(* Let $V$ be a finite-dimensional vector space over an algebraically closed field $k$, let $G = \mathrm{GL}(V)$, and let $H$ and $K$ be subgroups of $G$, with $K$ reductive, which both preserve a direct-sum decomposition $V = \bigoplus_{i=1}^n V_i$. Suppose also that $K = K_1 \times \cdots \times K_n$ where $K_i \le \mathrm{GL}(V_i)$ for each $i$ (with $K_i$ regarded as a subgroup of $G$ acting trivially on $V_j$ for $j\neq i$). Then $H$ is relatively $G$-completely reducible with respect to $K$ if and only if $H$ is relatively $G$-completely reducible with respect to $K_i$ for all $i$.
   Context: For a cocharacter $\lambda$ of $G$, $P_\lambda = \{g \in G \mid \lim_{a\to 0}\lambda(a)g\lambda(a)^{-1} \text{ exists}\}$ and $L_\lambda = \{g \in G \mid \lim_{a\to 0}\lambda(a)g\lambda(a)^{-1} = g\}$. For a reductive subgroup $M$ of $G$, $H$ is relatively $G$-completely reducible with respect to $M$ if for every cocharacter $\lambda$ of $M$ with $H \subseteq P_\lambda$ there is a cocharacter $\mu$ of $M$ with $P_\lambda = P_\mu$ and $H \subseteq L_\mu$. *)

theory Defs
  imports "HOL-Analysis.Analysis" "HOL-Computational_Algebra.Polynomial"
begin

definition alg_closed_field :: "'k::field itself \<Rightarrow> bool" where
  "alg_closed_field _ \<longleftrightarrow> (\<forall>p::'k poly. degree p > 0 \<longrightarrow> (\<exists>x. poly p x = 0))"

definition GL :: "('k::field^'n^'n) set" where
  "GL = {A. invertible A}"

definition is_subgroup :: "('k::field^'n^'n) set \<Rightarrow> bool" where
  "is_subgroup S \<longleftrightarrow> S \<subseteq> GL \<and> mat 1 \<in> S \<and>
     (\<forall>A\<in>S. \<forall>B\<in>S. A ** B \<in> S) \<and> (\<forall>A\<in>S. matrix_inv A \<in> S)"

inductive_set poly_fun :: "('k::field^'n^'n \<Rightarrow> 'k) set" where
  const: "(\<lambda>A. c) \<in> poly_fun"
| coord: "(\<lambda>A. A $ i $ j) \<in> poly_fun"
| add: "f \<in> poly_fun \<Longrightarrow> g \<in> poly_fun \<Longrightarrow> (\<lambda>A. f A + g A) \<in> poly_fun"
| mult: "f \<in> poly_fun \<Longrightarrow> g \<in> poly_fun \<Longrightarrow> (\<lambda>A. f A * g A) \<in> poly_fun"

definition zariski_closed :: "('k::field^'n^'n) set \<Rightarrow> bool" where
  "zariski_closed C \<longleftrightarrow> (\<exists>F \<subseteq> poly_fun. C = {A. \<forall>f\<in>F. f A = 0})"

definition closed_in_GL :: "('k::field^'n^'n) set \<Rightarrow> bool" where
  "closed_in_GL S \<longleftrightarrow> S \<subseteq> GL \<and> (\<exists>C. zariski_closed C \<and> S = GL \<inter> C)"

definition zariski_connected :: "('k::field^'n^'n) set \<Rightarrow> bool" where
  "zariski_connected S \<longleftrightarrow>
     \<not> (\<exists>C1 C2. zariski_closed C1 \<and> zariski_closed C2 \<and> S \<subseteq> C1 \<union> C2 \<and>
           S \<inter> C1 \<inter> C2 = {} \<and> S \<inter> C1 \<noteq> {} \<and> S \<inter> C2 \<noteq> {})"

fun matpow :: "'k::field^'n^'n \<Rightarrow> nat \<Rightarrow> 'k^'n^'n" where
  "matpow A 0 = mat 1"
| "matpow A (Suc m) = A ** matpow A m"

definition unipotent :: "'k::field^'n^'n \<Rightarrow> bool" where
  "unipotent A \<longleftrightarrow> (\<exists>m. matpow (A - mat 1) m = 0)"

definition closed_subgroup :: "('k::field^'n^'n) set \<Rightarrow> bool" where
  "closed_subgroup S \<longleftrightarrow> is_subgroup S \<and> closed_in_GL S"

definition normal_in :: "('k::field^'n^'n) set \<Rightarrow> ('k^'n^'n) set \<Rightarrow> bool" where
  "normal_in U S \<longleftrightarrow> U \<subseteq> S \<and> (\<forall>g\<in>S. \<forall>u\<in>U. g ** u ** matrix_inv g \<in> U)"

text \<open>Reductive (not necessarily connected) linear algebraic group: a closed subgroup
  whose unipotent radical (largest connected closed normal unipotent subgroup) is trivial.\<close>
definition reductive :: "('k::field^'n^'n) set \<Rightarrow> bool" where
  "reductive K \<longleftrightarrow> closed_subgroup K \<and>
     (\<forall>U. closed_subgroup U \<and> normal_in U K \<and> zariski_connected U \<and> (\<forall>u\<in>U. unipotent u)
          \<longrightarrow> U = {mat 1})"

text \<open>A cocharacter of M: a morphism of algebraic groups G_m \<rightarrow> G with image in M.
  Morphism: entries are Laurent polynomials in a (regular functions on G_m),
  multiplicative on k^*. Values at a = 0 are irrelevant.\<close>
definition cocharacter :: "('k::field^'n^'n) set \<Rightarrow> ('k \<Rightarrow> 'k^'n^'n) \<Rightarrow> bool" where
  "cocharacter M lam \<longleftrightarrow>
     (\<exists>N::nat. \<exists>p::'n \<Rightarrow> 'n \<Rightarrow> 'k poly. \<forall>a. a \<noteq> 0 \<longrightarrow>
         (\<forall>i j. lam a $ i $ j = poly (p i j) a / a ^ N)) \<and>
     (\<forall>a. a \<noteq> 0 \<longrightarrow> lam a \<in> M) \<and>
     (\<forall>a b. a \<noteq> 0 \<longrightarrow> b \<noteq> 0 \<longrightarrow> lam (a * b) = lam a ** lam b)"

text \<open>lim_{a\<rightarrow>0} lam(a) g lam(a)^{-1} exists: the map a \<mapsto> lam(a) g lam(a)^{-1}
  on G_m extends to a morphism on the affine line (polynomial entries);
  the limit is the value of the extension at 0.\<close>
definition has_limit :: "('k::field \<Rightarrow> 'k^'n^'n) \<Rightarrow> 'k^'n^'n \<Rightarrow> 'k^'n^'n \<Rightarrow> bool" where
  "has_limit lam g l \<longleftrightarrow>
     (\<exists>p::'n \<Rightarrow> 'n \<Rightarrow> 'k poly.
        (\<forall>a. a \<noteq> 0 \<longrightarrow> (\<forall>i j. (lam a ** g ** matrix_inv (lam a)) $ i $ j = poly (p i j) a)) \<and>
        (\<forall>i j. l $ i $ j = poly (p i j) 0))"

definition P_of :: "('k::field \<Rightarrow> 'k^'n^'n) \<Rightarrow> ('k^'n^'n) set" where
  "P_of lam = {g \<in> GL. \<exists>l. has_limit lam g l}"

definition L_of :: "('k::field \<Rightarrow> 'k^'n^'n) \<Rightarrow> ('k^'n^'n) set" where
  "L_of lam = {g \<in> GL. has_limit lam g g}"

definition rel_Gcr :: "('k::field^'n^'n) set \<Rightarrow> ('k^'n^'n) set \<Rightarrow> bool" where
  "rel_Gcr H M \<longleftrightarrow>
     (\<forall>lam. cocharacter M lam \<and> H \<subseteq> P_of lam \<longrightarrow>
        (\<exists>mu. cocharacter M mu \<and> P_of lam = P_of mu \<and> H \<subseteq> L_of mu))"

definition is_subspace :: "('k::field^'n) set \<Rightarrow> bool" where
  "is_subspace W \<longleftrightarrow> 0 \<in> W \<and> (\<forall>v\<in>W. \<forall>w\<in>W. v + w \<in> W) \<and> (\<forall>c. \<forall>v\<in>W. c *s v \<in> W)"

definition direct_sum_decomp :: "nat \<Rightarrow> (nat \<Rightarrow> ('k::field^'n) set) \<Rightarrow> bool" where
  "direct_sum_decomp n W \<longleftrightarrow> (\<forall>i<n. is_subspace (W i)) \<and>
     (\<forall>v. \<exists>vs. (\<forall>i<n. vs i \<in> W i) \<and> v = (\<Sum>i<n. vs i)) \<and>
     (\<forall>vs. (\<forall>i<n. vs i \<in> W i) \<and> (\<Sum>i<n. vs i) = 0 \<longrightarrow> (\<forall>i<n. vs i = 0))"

+===+

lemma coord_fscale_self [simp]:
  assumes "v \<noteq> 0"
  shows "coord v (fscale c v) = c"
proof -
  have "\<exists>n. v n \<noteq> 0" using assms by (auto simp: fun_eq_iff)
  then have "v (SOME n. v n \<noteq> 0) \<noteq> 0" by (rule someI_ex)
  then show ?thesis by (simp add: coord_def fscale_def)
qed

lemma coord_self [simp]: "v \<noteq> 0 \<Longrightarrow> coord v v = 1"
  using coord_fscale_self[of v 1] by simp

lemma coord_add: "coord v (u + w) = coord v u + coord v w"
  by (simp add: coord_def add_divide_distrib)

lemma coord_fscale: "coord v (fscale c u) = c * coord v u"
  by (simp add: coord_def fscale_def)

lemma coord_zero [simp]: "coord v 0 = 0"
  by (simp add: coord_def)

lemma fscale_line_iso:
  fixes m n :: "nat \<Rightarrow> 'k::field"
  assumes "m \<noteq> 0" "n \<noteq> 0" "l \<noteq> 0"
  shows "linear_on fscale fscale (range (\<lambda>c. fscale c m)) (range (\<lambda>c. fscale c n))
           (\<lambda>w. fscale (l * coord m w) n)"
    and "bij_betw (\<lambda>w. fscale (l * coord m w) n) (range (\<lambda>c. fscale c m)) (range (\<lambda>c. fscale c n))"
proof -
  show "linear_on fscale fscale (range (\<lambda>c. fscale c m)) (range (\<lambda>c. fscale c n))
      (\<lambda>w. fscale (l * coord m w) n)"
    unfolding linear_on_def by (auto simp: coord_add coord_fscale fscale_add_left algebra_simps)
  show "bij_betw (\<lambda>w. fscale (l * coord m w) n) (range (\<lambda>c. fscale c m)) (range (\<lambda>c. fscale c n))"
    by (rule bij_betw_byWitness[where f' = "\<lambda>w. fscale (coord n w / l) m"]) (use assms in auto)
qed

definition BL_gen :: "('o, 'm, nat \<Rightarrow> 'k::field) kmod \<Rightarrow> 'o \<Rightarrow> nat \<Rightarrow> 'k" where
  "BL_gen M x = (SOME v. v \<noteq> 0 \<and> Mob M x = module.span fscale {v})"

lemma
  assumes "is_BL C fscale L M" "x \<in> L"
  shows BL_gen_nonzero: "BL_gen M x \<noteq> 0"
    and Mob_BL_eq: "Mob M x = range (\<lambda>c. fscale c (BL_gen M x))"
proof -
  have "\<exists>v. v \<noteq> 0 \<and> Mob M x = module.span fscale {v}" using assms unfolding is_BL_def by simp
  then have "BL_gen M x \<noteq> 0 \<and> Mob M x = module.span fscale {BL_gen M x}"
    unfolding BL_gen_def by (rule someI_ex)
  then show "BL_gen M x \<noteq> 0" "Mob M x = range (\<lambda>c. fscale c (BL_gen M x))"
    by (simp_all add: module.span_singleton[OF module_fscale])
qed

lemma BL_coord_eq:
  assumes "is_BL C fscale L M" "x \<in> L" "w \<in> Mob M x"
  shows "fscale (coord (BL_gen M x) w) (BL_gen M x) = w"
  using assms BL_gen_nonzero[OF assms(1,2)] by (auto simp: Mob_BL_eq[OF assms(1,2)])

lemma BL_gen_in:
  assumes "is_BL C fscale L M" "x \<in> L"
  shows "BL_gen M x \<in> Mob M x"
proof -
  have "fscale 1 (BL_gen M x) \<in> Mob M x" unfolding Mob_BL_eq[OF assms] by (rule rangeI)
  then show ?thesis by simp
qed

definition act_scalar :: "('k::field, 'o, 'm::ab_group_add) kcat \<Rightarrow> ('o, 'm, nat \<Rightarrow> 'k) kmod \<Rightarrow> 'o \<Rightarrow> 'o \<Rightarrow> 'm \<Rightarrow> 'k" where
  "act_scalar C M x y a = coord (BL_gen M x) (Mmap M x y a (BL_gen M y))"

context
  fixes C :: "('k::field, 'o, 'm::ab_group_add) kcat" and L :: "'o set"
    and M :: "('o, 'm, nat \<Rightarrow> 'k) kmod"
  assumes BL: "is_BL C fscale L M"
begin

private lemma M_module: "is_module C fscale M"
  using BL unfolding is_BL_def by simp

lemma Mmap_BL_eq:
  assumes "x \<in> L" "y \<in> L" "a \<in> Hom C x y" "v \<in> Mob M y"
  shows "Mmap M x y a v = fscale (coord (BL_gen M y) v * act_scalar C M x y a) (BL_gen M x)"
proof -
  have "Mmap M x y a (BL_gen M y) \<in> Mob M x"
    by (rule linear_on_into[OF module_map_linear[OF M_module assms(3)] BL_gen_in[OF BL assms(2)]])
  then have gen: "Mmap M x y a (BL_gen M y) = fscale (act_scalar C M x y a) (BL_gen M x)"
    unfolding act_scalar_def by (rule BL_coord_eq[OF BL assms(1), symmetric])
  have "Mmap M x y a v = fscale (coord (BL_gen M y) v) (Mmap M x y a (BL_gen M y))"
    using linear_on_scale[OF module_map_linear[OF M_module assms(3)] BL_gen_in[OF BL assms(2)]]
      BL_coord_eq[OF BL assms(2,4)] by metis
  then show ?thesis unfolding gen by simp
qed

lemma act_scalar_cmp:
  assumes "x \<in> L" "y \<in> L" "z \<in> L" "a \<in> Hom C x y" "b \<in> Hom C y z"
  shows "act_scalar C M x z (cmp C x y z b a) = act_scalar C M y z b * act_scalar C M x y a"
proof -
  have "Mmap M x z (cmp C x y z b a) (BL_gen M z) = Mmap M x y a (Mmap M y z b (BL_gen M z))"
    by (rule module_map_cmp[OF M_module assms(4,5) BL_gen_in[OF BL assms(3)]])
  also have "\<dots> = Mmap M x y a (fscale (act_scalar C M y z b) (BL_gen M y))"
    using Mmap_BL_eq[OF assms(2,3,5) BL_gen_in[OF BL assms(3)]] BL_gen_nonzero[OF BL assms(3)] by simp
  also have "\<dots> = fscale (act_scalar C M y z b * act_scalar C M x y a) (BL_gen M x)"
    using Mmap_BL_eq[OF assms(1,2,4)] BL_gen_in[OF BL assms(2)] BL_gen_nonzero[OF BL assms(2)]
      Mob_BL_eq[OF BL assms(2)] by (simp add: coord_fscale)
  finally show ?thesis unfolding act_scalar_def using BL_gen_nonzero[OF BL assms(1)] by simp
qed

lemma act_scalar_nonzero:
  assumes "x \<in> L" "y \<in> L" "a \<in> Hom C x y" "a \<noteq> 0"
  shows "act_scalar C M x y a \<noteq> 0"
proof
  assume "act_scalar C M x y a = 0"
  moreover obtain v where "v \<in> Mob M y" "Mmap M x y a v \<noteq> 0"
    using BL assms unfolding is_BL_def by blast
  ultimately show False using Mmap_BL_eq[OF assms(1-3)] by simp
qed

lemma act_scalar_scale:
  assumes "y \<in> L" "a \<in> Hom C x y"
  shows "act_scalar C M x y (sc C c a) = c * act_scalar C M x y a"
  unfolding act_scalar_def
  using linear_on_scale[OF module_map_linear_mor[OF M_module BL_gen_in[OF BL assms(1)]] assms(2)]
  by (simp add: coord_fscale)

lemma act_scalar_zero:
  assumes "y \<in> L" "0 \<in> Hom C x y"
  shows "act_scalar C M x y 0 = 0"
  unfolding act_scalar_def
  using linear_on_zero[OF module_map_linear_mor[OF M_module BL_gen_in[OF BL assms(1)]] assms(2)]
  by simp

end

+===+

If a line of the data contains "have", copy it out.

  have "\<exists>n. v n \<noteq> 0" using assms by (auto simp: fun_eq_iff)
  then have "v (SOME n. v n \<noteq> 0) \<noteq> 0" by (rule someI_ex)
  have "\<exists>v. v \<noteq> 0 \<and> Mob M x = module.span fscale {v}" using assms unfolding is_BL_def by simp
  then have "BL_gen M x \<noteq> 0 \<and> Mob M x = module.span fscale {BL_gen M x}"
  have "fscale 1 (BL_gen M x) \<in> Mob M x" unfolding Mob_BL_eq[OF assms] by (rule rangeI)
  have "Mmap M x y a (BL_gen M y) \<in> Mob M x"
  then have gen: "Mmap M x y a (BL_gen M y) = fscale (act_scalar C M x y a) (BL_gen M x)"
  have "Mmap M x y a v = fscale (coord (BL_gen M y) v) (Mmap M x y a (BL_gen M y))"
  have "Mmap M x z (cmp C x y z b a) (BL_gen M z) = Mmap M x y a (Mmap M y z b (BL_gen M z))"
  also have "\<dots> = Mmap M x y a (fscale (act_scalar C M y z b) (BL_gen M y))"
  also have "\<dots> = fscale (act_scalar C M y z b * act_scalar C M x y a) (BL_gen M x)"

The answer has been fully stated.